#### TASK ITEM
Output the entries that follow, word for word.

#### DATA TO EXAMINE
(* Let $n\ge 3$ and $1<\rho<3$. The supremum, over all configurations of closed unit balls with pairwise disjoint interiors, each tangent to the closed unit ball $B$ centered at the origin with interior disjoint from $B$, of the normalized measure $\omega_\rho(\rho S^{n-1}\cap\bigcup X)/\omega_\rho(\rho S^{n-1})$ of the part of $\rho S^{n-1}$ they cover equals $\tau_n A_{n,\rho}(1)$.
   Context: $\omega_\rho$ is the surface measure on the sphere $\rho S^{n-1}$ of radius $\rho$ centered at the origin. $A_{n,\rho}(1)=\omega_\rho(B_1\cap\rho S^{n-1})/\omega_\rho(\rho S^{n-1})$ where $B_1$ is a closed unit ball centered at distance $2$ from the origin. $\tau_n$ is the kissing number of $\mathbb{R}^n$: the maximum number of closed unit balls with pairwise disjoint interiors all touching a central closed unit ball and having interiors disjoint from it. *)

theory Defs
  imports "HOL-Analysis.Analysis"
begin

text \<open>Surface measure on the sphere of radius rho centred at the origin, defined via the
  cone construction: the surface measure of a subset A of the sphere is DIM/rho times the
  Lebesgue measure of the cone of points t x with 0 <= t <= 1 and x in A.
  This coincides with the (n-1)-dimensional Hausdorff measure on the sphere.\<close>
definition omega :: "real \<Rightarrow> 'a::euclidean_space set \<Rightarrow> real" where
  "omega rho A = real DIM('a) / rho *
     measure lebesgue {t *\<^sub>R x | t x. 0 \<le> t \<and> t \<le> 1 \<and> x \<in> A \<inter> sphere 0 rho}"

#### WRITTEN REPLY
(* Let $n\ge 3$ and $1<\rho<3$. The supremum, over all configurations of closed unit balls with pairwise disjoint interiors, each tangent to the closed unit ball $B$ centered at the origin with interior disjoint from $B$, of the normalized measure $\omega_\rho(\rho S^{n-1}\cap\bigcup X)/\omega_\rho(\rho S^{n-1})$ of the part of $\rho S^{n-1}$ they cover equals $\tau_n A_{n,\rho}(1)$.
   Context: $\omega_\rho$ is the surface measure on the sphere $\rho S^{n-1}$ of radius $\rho$ centered at the origin. $A_{n,\rho}(1)=\omega_\rho(B_1\cap\rho S^{n-1})/\omega_\rho(\rho S^{n-1})$ where $B_1$ is a closed unit ball centered at distance $2$ from the origin. $\tau_n$ is the kissing number of $\mathbb{R}^n$: the maximum number of closed unit balls with pairwise disjoint interiors all touching a central closed unit ball and having interiors disjoint from it. *)

theory Defs
  imports "HOL-Analysis.Analysis"
begin

text \<open>Surface measure on the sphere of radius rho centred at the origin, defined via the
  cone construction: the surface measure of a subset A of the sphere is DIM/rho times the
  Lebesgue measure of the cone of points t x with 0 <= t <= 1 and x in A.
  This coincides with the (n-1)-dimensional Hausdorff measure on the sphere.\<close>
definition omega :: "real \<Rightarrow> 'a::euclidean_space set \<Rightarrow> real" where
  "omega rho A = real DIM('a) / rho *
     measure lebesgue {t *\<^sub>R x | t x. 0 \<le> t \<and> t \<le> 1 \<and> x \<in> A \<inter> sphere 0 rho}"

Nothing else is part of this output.